-- WHAT IS NEEDED --
What is the number of lines below that hold "acts"? Answer with that number only.
(Beginning of SOURCE DATA)
(* Let $1\le k\le n-k$, $\mathfrak{g}=\mathfrak{sl}_n(\mathbb{C})$, and let $I=\{i_1<\cdots<i_k\}$ and $J=\{j_1<\cdots<j_k\}$ be distinct subsets of $\{1,\dots,n\}$ with $i_1\le j_1$; let $r=|I\cap J|$. Let $\nu$ be a dominant integral weight such that $\nu+\lambda_I$ and $\nu+\lambda_J$ are dominant integral, and let $s\ge1$. If $f_{\mathfrak{C}_p,I}(\nu)=f_{\mathfrak{C}_p,J}(\nu)$ for $2\le p\le s+1$, then there exist two lists of integers $[x_1,\dots,x_{k-r}]$ and $[y_1,\dots,y_{k-r}]$, not permutations of each other, with $\sum_{i=1}^{k-r}x_i^j=\sum_{i=1}^{k-r}y_i^j$ for $j=1,\dots,s$ (a non-trivial PTE solution of size $k-r$ and degree $s$).
   Context: $X_{ij}=E_{ij}$ ($i\ne j$), $X_{ii}=E_{ii}-\frac1n\sum_lE_{ll}$; $\mathfrak{C}_p=\sum_{i_1,\dots,i_p=1}^nX_{i_1i_2}\cdots X_{i_pi_1}\in Z(\mathfrak{g})$. $\omega_1,\dots,\omega_{n-1}$ are fundamental weights, $\omega_0=\omega_n=0$. For a $k$-subset $I=\{i_1<\cdots<i_k\}$, $\lambda_I=\sum_{t=1}^k(\omega_{i_t}-\omega_{i_t-1})$ (the weight of $e_{i_1}\wedge\cdots\wedge e_{i_k}$ in $V_{\omega_k}=\wedge^k\mathbb{C}^n$). For a weight $\mu$, $\chi_\mu$ is the infinitesimal central character of the irreducible highest weight module $V_\mu$, and $f_{\mathfrak{C}_p,I}(\nu)=\chi_{\nu+\lambda_I}(\mathfrak{C}_p)-\chi_\nu(\mathfrak{C}_p)-\chi_{\omega_k}(\mathfrak{C}_p)$ (the eigenvalue of $M_{\omega_k,\nu}(\mathfrak{C}_p)$ on the constituent $V_{\nu+\lambda_I}$ of $V_{\omega_k}\otimes V_\nu$). *)

theory Defs
  imports Complex_Main "HOL-Library.Multiset"
begin

text \<open>Weights of sl_n are encoded by their coordinates w.r.t. the fundamental
weights: a function mu :: nat => int, of which only the values mu 1, ..., mu (n-1) matter.\<close>

definition fund_wt :: "nat \<Rightarrow> nat \<Rightarrow> int" where
  "fund_wt k = (\<lambda>t. if t = k then 1 else 0)"

text \<open>lambda_I = sum over i in I of (omega_i - omega_(i-1)), with omega_0 = omega_n = 0:
the coefficient of omega_t (1 <= t <= n-1) is [t in I] - [t+1 in I].\<close>
definition lamI :: "nat set \<Rightarrow> nat \<Rightarrow> int" where
  "lamI I = (\<lambda>t. (if t \<in> I then 1 else 0) - (if t + 1 \<in> I then 1 else 0))"

definition wt_add :: "(nat \<Rightarrow> int) \<Rightarrow> (nat \<Rightarrow> int) \<Rightarrow> nat \<Rightarrow> int" where
  "wt_add a b = (\<lambda>t. a t + b t)"

definition dominant :: "nat \<Rightarrow> (nat \<Rightarrow> int) \<Rightarrow> bool" where
  "dominant n mu \<longleftrightarrow> (\<forall>t\<in>{1..n-1}. mu t \<ge> 0)"

text \<open>Value of the weight mu on X_ii = E_ii - (1/n) sum_l E_ll;
omega_t(X_ii) = [i <= t] - t/n.\<close>
definition hval :: "nat \<Rightarrow> (nat \<Rightarrow> int) \<Rightarrow> nat \<Rightarrow> complex" where
  "hval n mu i = (\<Sum>t=1..n-1. of_int (mu t) *
       ((if i \<le> t then 1 else 0) - of_nat t / of_nat n))"

text \<open>A letter (a,b) stands for X_ab.  hw_coef n mu w is the coefficient of the
highest weight vector v in (X_{a1 b1} ... X_{am bm}) v, for v a highest weight vector of
weight mu.  It is computed from the leftmost letter: a diagonal letter acts by mu(X_aa),
a lowering letter (a > b) contributes nothing to the v-component, and a raising letter
(a < b) is commuted to the right (it kills v) using
[X_ab, X_cd] = delta_bc X_ad - delta_da X_cb (valid also with diagonal X's).\<close>
primrec hw_coef_fuel :: "nat \<Rightarrow> nat \<Rightarrow> (nat \<Rightarrow> int) \<Rightarrow> (nat \<times> nat) list \<Rightarrow> complex" where
  "hw_coef_fuel 0 n mu w = (if w = [] then 1 else 0)"
| "hw_coef_fuel (Suc m) n mu w =
     (case w of [] \<Rightarrow> 1
      | (ab # u) \<Rightarrow>
         (let a = fst ab; b = snd ab in
          if a = b then hval n mu a * hw_coef_fuel m n mu u
          else if b < a then 0
          else (\<Sum>i<length u.
                  (if b = fst (u ! i)
                   then hw_coef_fuel m n mu (take i u @ [(a, snd (u ! i))] @ drop (Suc i) u)
                   else 0)
                - (if snd (u ! i) = a
                   then hw_coef_fuel m n mu (take i u @ [(fst (u ! i), b)] @ drop (Suc i) u)
                   else 0))))"

definition hw_coef :: "nat \<Rightarrow> (nat \<Rightarrow> int) \<Rightarrow> (nat \<times> nat) list \<Rightarrow> complex" where
  "hw_coef n mu w = hw_coef_fuel (length w) n mu w"

definition cyc_word :: "nat list \<Rightarrow> (nat \<times> nat) list" where
  "cyc_word is = map (\<lambda>t. (is ! t, is ! ((t + 1) mod length is))) [0..<length is]"

text \<open>chi_mu(C_p): the scalar by which C_p acts on the highest weight module V_mu.\<close>
definition chi :: "nat \<Rightarrow> (nat \<Rightarrow> int) \<Rightarrow> nat \<Rightarrow> complex" where
  "chi n mu p = (\<Sum>is\<in>{is. length is = p \<and> set is \<subseteq> {1..n}}. hw_coef n mu (cyc_word is))"

definition fC :: "nat \<Rightarrow> nat \<Rightarrow> nat \<Rightarrow> nat set \<Rightarrow> (nat \<Rightarrow> int) \<Rightarrow> complex" where
  "fC n k p I nu = chi n (wt_add nu (lamI I)) p - chi n nu p - chi n (fund_wt k) p"

end

theory Submission
  imports Defs "HOL-Computational_Algebra.Formal_Power_Series"
begin

text \<open>\<open>\<CC>\<^sub>p\<close> acts on \<open>V\<^sub>\<mu>\<close> by the highest weight coefficient of \<open>tr X\<^sup>p\<close>, where \<open>X = (X\<^sub>i\<^sub>j)\<close>.
Commuting raising operators to the right turns the diagonal entries of \<open>X\<^sup>q\<close> into a triangular
recursion, whose solution has the generating function
\<open>1 - \<Sum>\<^sub>q tr(X\<^sup>q) t\<^sup>q\<^sup>+\<^sup>1 = \<Prod>\<^sub>a (1 - (l\<^sub>a + 1) t) / (1 - l\<^sub>a t)\<close>, with \<open>l\<^sub>a = (\<mu> + \<rho>)(X\<^sub>a\<^sub>a)\<close> up to a
constant. By Newton's identities the values \<open>\<chi>\<^sub>\<mu>(\<CC>\<^sub>2), \<dots>, \<chi>\<^sub>\<mu>(\<CC>\<^sub>s\<^sub>+\<^sub>1)\<close> therefore
determine the sums \<open>\<Sum>\<^sub>a (l\<^sub>a + 1)\<^sup>j - l\<^sub>a\<^sup>j\<close> for \<open>j \<le> s + 2\<close>. For \<open>\<mu> = \<nu> + \<lambda>\<^sub>I\<close> one has
\<open>l\<^sub>a = l'\<^sub>a + [a \<in> I]\<close> with \<open>l'\<close> independent of \<open>I\<close>, so equal eigenvalues for \<open>I\<close> and \<open>J\<close>
say that the second differences of \<open>t\<^sup>j\<close> at the \<open>l'\<^sub>a\<close> have equal sums over \<open>I\<close> and over \<open>J\<close>.
Inverting these binomial transforms twice gives equal power sums of degree \<open>\<le> s\<close> of the
\<open>l'\<^sub>a\<close>, which up to a common shift are the \<open>\<epsilon>\<close>-coordinates of \<open>\<nu> + \<rho>\<close>: distinct integers,
as \<open>\<nu>\<close> is dominant. Discarding \<open>I \<inter> J\<close> leaves the PTE solution.\<close>

section \<open>Casimir eigenvalues as traces of matrix powers\<close>

text \<open>\<open>power_entry n \<phi> c d q\<close> is \<open>\<phi>\<close> applied to the \<open>(c, d)\<close> entry of \<open>X\<^sup>q\<close>, where \<open>X = (X\<^sub>i\<^sub>j)\<close>
is the \<open>n \<times> n\<close> matrix with entries in \<open>U(\<gg>)\<close> and a word of letters \<open>(i, j)\<close> stands for a
monomial in the \<open>X\<^sub>i\<^sub>j\<close>.\<close>

primrec power_entry ::
    "nat \<Rightarrow> ((nat \<times> nat) list \<Rightarrow> 'a::comm_ring_1) \<Rightarrow> nat \<Rightarrow> nat \<Rightarrow> nat \<Rightarrow> 'a" where
  "power_entry n \<phi> c d 0 = (if c = d then \<phi> [] else 0)"
| "power_entry n \<phi> c d (Suc q) = (\<Sum>j=1..n. power_entry n (\<lambda>w. \<phi> ((c, j) # w)) j d q)"

lemma power_entry_add:
  "power_entry n (\<lambda>w. f w + g w) c d q = power_entry n f c d q + power_entry n g c d q"
  by (induction q arbitrary: f g c) (auto simp: sum.distrib)

lemma power_entry_diff:
  "power_entry n (\<lambda>w. f w - g w) c d q = power_entry n f c d q - power_entry n g c d q"
  by (induction q arbitrary: f g c) (auto simp: sum_subtractf)

lemma power_entry_scale:
  "power_entry n (\<lambda>w. x * f w) c d q = x * power_entry n f c d q"
  by (induction q arbitrary: f c) (auto simp: sum_distrib_left)

lemma power_entry_zero: "power_entry n (\<lambda>w. 0) c d q = 0"
  by (induction q arbitrary: c) auto

lemma power_entry_if:
  "power_entry n (\<lambda>w. if P then f w else 0) c d q = (if P then power_entry n f c d q else 0)"
  by (cases P) (auto simp: power_entry_zero)

text \<open>\<open>ad_coef a b \<phi> u\<close> is \<open>\<phi>\<close> applied to \<open>[X\<^sub>a\<^sub>b, u]\<close>, expanded by the Leibniz rule and
\<open>[X\<^sub>a\<^sub>b, X\<^sub>c\<^sub>d] = \<delta>\<^sub>b\<^sub>c X\<^sub>a\<^sub>d - \<delta>\<^sub>d\<^sub>a X\<^sub>c\<^sub>b\<close>.\<close>

definition ad_coef ::
    "nat \<Rightarrow> nat \<Rightarrow> ((nat \<times> nat) list \<Rightarrow> 'a::comm_ring_1) \<Rightarrow> (nat \<times> nat) list \<Rightarrow> 'a" where
  "ad_coef a b \<phi> u = (\<Sum>i<length u.
      (if b = fst (u ! i) then \<phi> (u[i := (a, snd (u ! i))]) else 0)
    - (if snd (u ! i) = a then \<phi> (u[i := (fst (u ! i), b)]) else 0))"

lemma ad_coef_Nil: "ad_coef a b \<phi> [] = 0"
  by (simp add: ad_coef_def)

lemma ad_coef_Cons:
  "ad_coef a b \<phi> (x # u) =
     (if b = fst x then \<phi> ((a, snd x) # u) else 0) - (if snd x = a then \<phi> ((fst x, b) # u) else 0)
     + ad_coef a b (\<lambda>w. \<phi> (x # w)) u"
proof -
  have "(x # u)[Suc i := y] = x # u[i := y]" "(x # u) ! Suc i = u ! i" for i y
    by simp_all
  then show ?thesis
    unfolding ad_coef_def by (simp only: length_Cons sum.lessThan_Suc_shift) simp
qed

text \<open>The entries of \<open>X\<^sup>q\<close> transform under \<open>ad X\<^sub>a\<^sub>b\<close> like those of \<open>X\<close> itself.\<close>

lemma power_entry_ad_coef:
  assumes "a \<in> {1..n}" "b \<in> {1..n}"
  shows "power_entry n (ad_coef a b \<phi>) c d q =
           (if b = c then power_entry n \<phi> a d q else 0)
         - (if d = a then power_entry n \<phi> c b q else 0)"
proof (induction q arbitrary: \<phi> c)
  case 0
  then show ?case by (auto simp: ad_coef_Nil)
next
  case (Suc q)
  let ?P = "\<lambda>\<psi> c d. power_entry n \<psi> c d q"
  have step: "(\<lambda>w. ad_coef a b \<phi> ((c, j) # w)) = (\<lambda>w.
      (if b = c then \<phi> ((a, j) # w) else 0) - (if j = a then \<phi> ((c, b) # w) else 0)
    + ad_coef a b (\<lambda>w. \<phi> ((c, j) # w)) w)" for j
    by (rule ext) (simp add: ad_coef_Cons)
  have "power_entry n (ad_coef a b \<phi>) c d (Suc q) = (\<Sum>j=1..n.
      ((if b = c then ?P (\<lambda>w. \<phi> ((a, j) # w)) j d else 0)
      - (if j = a then ?P (\<lambda>w. \<phi> ((c, b) # w)) j d else 0))
    + ((if b = j then ?P (\<lambda>w. \<phi> ((c, j) # w)) a d else 0)
      - (if d = a then ?P (\<lambda>w. \<phi> ((c, j) # w)) j b else 0)))"
    by (simp only: power_entry.simps step power_entry_add power_entry_diff power_entry_if Suc.IH)
  also have "\<dots> = (if b = c then power_entry n \<phi> a d (Suc q) else 0)
      - (if d = a then power_entry n \<phi> c b (Suc q) else 0)"
  proof -
    have "(\<Sum>j=1..n. if j = a then ?P (\<lambda>w. \<phi> ((c, b) # w)) j d else 0)
        = ?P (\<lambda>w. \<phi> ((c, b) # w)) a d"
      "(\<Sum>j=1..n. if b = j then ?P (\<lambda>w. \<phi> ((c, j) # w)) a d else 0)
        = ?P (\<lambda>w. \<phi> ((c, b) # w)) a d"
      using assms by simp_all
    moreover have "(\<Sum>j=1..n. if b = c then ?P (\<lambda>w. \<phi> ((a, j) # w)) j d else 0)
        = (if b = c then power_entry n \<phi> a d (Suc q) else 0)"
      "(\<Sum>j=1..n. if d = a then ?P (\<lambda>w. \<phi> ((c, j) # w)) j b else 0)
        = (if d = a then power_entry n \<phi> c b (Suc q) else 0)"
      by simp_all
    ultimately show ?thesis
      by (simp only: sum.distrib sum_subtractf) simp
  qed
  finally show ?case .
qed

lemma hw_coef_Nil: "hw_coef n mu [] = 1"
  by (simp add: hw_coef_def)

lemma hw_coef_Cons:
  "hw_coef n mu ((a, b) # u) =
     (if a = b then hval n mu a * hw_coef n mu u
      else if b < a then 0 else ad_coef a b (hw_coef n mu) u)"
proof -
  have "take i u @ [x] @ drop (Suc i) u = u[i := x]" if "i < length u" for i x
    using that by (simp add: upd_conv_take_nth_drop)
  then show ?thesis
    unfolding hw_coef_def ad_coef_def by (auto simp: Let_def intro!: sum.cong)
qed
(End of SOURCE DATA)
-- SOLUTION --
3